The behavior will change in pandas 3.0. This inplace method will never work because the intermediate object on which we are setting values always behaves as a copy.

For example, when doing 'df[col].method(value, inplace=True)', try using 'df.method({col: value}, inplace=True)' or df[col] = df[col].method(value) instead, to perform the operation inplace on the original object.


  data['Price (BRL)'].fillna(0, inplace=True)


## **Analysis and Reflections**
During data collection, the task wasn't too complicated because the code automatically extracted everything from the page and immediately saved it as a .CSV file. Web scraping simplifies things considerably compared to manual data extraction. The most difficult part was adding a date column, since the page didn't have any attribute that could be saved as a date in the file.

Data cleaning was also done using Python code, and since the dataset was small, it wasn't too difficult. I used regex to divide the entire extracted HTML object into different columns, such as product description, price, size... I confess it took me a while to figure out how to do this. It's a very useful function applicable to almost any e-commerce website.

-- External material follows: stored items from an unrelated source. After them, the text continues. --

lemma ind_update_central_in_rels:
  assumes ms: "ms \<in> tuples n (carrier K)" and i: "0 < i" "i < n"
    and central: "\<forall>j<n. j \<noteq> i \<longrightarrow> ms ! j \<in> center n K" and ks: "ks \<in> tuples n (carrier K)"
  shows "ind ((map (tw K) ms)[i := brk K ks]) \<in> rels"
proof -
  \<comment> \<open>the i-th term of \<delta>2(X, Y) is the wanted tensor; every other term has a central entry\<close>
  define X where "X = ms[i := hd ks]"
  define Y where "Y = tl ks"
  have ks_split: "ks = hd ks # Y"
    using tuples_length[OF ks] n_pos unfolding Y_def by (cases ks) auto
  have "hd ks \<in> carrier K"
    using tuples_set[OF ks] ks_split by (metis list.set_intros(1) subsetD)
  then have X: "X \<in> tuples n (carrier K)"
    unfolding X_def by (rule tuples_update[OF ms])
  have Y: "Y \<in> tuples (n - 1) (carrier K)"
    unfolding Y_def by (rule tuples_tl[OF ks])
  have X_central: "X ! j \<in> center n K" if "j < n" "j \<noteq> i" for j
    using central that unfolding X_def by simp
  have "ind ((map (tw K) X)[i := brk K (X ! i # Y)]) \<in> rels"
  proof (rule delta2_term_in_rels[OF X Y i(2)])
    have "brk K X = zero K"
      using brk_center_zero[OF X _ X_central] i by blast
    then show "ind (brk K X # map (tw K) Y) \<in> rels"
      using ind_update_zero_in_rels[of "zero K # map (tw K) Y" 0] Y n_pos tuples_map[OF Y tw_closed[OF K]]
      by (auto simp: tuples_def K_vspace)
    fix j assume j: "j < n" "j \<noteq> i"
    have "X ! j # Y \<in> tuples n (carrier K)"
      using tuples_nth[OF X j(1)] Y n_pos by (auto simp: tuples_def)
    then have "brk K (X ! j # Y) = zero K"
      using X_central[OF j] n_pos by (intro brk_center_zero[of _ n K 0]) auto
    then show "ind ((map (tw K) X)[j := brk K (X ! j # Y)]) \<in> rels"
      using ind_update_zero_in_rels[OF tuples_map[OF X tw_closed[OF K]] j(1)] by simp
  qed
  moreover have "(map (tw K) X)[i := brk K (X ! i # Y)] = (map (tw K) ms)[i := brk K ks]"
    using i ks_split tuples_length[OF ms] unfolding X_def by (simp add: map_update)
  ultimately show ?thesis by simp
qed

lemma ind_update_brk_in_rels:
  assumes "1 < n" and ms: "ms \<in> tuples n (carrier K)" and i: "i < n"
    and central: "\<forall>j<n. j \<noteq> i \<longrightarrow> ms ! j \<in> center n K" and ks: "ks \<in> tuples n (carrier K)"
  shows "ind ((map (tw K) ms)[i := brk K ks]) \<in> rels"
proof (cases "i = 0")
  case True
  have "tl ms \<in> tuples (n - 1) (carrier K)" "tl ms ! 0 \<in> center n K"
    using tuples_tl[OF ms] central \<open>1 < n\<close> True tuples_length[OF ms] by (auto simp: nth_tl)
  moreover have "(map (tw K) ms)[i := brk K ks] = brk K ks # map (tw K) (tl ms)"
    using True tuples_length[OF ms] n_pos by (cases ms) auto
  ultimately show ?thesis
    using ind_brk_Cons_central_in_rels[OF ks, of "tl ms" 0] \<open>1 < n\<close> by simp
next
  case False
  then show ?thesis
    using ind_update_central_in_rels[OF ms _ i central ks] by simp
qed

lemma ind_update_derived_in_rels:
  assumes xs: "xs \<in> tuples n (carrier K)" and i: "i < n"
    and brk: "\<And>ks. ks \<in> tuples n (carrier K) \<Longrightarrow> ind (xs[i := brk K ks]) \<in> rels"
    and x: "x \<in> derived n K"
  shows "ind (xs[i := x]) \<in> rels"
  using x unfolding derived_def
proof (induction rule: vspan.induct)
  case zero
  then show ?case by (rule ind_update_zero_in_rels[OF xs i])
next
  case (gen x)
  then show ?case using brk by blast
next
  case (add a b)
  then have "a \<in> carrier K" "b \<in> carrier K"
    using derived_subset unfolding derived_def by blast+
  from fspan.add[OF additivity_rel_in_rels[OF xs i this] fspan.add[OF add.IH]]
  show ?case by simp
next
  case (smult a c)
  then have "a \<in> carrier K"
    using derived_subset unfolding derived_def by blast
  from fspan.add[OF homogeneity_rel_in_rels[OF xs i this, of c] fspan.smult[OF smult.IH, of c]]
  show ?case by simp
qed

lemma ind_alpha_central_tuple_in_rels:
  assumes "1 < n" and M: "kernel K L \<pi> \<subseteq> center n K" and perfect: "carrier K \<subseteq> derived n K"
    and xs: "length xs = n" "i < n" "xs ! i \<in> carrier K"
      "\<forall>j<n. j \<noteq> i \<longrightarrow> xs ! j \<in> tw K ` kernel K L \<pi>"
  shows "ind xs \<in> rels"
proof -
  obtain ms where ms: "ms \<in> tuples n (carrier K)" "\<forall>j<n. j \<noteq> i \<longrightarrow> ms ! j \<in> center n K"
    and twisted: "\<And>y. xs[i := y] = (map (tw K) ms)[i := y]"
    using alpha_central_tuple_twisted[OF K M xs(1,2,4)] by blast
  have "ind (xs[i := xs ! i]) \<in> rels"
  proof (rule ind_update_derived_in_rels)
    show "xs \<in> tuples n (carrier K)"
      by (rule alpha_central_tuple_tuples[OF K xs(1,3,4)])
    show "\<And>ks. ks \<in> tuples n (carrier K) \<Longrightarrow> ind (xs[i := brk K ks]) \<in> rels"
      unfolding twisted using ind_update_brk_in_rels[OF \<open>1 < n\<close> ms(1) xs(2) ms(2)] .
  qed (use xs perfect in auto)
  then show ?thesis by simp
qed

abbreviation tensor_space :: "('k, ('a list \<Rightarrow> 'k) set) hom_nalg" where
  "tensor_space \<equiv> quotient_space fun_space rels"

abbreviation tensor_cls :: "('a list \<Rightarrow> 'k) \<Rightarrow> ('a list \<Rightarrow> 'k) set" where
  "tensor_cls \<equiv> coset fun_space rels"

abbreviation tw_tensor :: "('a list \<Rightarrow> 'k) set \<Rightarrow> ('a list \<Rightarrow> 'k) set" where
  "tw_tensor \<equiv> quotient_map fun_space rels (pushforward (map (tw K)))"

lemma tensor_cls_add: "finite (supp f) \<Longrightarrow> finite (supp g) \<Longrightarrow>
    add tensor_space (tensor_cls f) (tensor_cls g) = tensor_cls (\<lambda>t. f t + g t)"
  and tensor_cls_smult: "finite (supp f) \<Longrightarrow> smult tensor_space c (tensor_cls f) = tensor_cls (\<lambda>t. c * f t)"
  and tensor_cls_zero: "tensor_cls (\<lambda>_. 0) = rels"
  using coset_add[OF vspace_fun_space subspace_rels, of f g]
    coset_smult[OF vspace_fun_space subspace_rels, of f c]
    coset_zero[OF vspace_fun_space subspace_rels]
  by simp_all

lemma tensor_cls_eq_iff:
  assumes "finite (supp f)" "finite (supp g)"
  shows "tensor_cls f = tensor_cls g \<longleftrightarrow> (\<lambda>t. f t - g t) \<in> rels"
proof -
  have "(\<exists>r\<in>rels. f = (\<lambda>t. g t + r t)) \<longleftrightarrow> (\<lambda>t. f t - g t) \<in> rels"
    by (auto intro!: bexI[of _ "\<lambda>t. f t - g t"])
  then show ?thesis
    using coset_eq_iff[OF vspace_fun_space subspace_rels] assms by simp
qed

lemma tw_tensor_cls: "finite (supp f) \<Longrightarrow> tw_tensor (tensor_cls f) = tensor_cls (pushforward (map (tw K)) f)"
  by (rule coset_map[OF vspace_fun_space subspace_rels])
    (simp_all add: finite_supp_pushforward pushforward_add pushforward_tw_rels)

lemma lsum_tensor_cls:
  "(\<And>i. i \<in> set is \<Longrightarrow> finite (supp (g i))) \<Longrightarrow>
   lsum tensor_space (map (\<lambda>i. tensor_cls (g i)) is) = tensor_cls (\<lambda>t. \<Sum>i\<leftarrow>is. g i t)"
proof (induction "is")
  case Nil
  then show ?case by (simp add: tensor_cls_zero)
next
  case (Cons j js)
  have "finite (supp (\<lambda>t. \<Sum>i\<leftarrow>js. g i t))"
    using Cons.prems by (intro finite_supp_sum_list) simp
  then show ?case
    using Cons by (simp add: tensor_cls_add del: quotient_space_simps)
qed

definition combination :: "('k \<times> 'a list) list \<Rightarrow> bool" where
  "combination ps \<longleftrightarrow> (\<forall>(c, t)\<in>set ps. t \<in> tuples n (carrier K))"

lemma combination_simps [simp]:
  "combination []"
  "combination ((c, t) # ps) \<longleftrightarrow> t \<in> tuples n (carrier K) \<and> combination ps"
  "combination (ps @ qs) \<longleftrightarrow> combination ps \<and> combination qs"
  by (auto simp: combination_def)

In the data processing phase, code was created to replace null values ​​with 0, remove duplicates, standardize the date format (changing from '%Y-%m-%d' to '%d-%m-%Y'), convert 'Price (BRL)' to a column with numeric values ​​– this part was difficult because I had to convert the column to numeric, even though the data was already numeric (double), and filter prices to include only products priced above R$ 800. After that, the data was saved again in a new dataset with clean and filtered data.

It is extremely important to ensure the quality and integrity of the data so that the analysis can generate value for the company or person investing time in it, since poorly collected or processed data can generate unrealistic analyses that would be useless in generating value, which is the main objective of data analysis.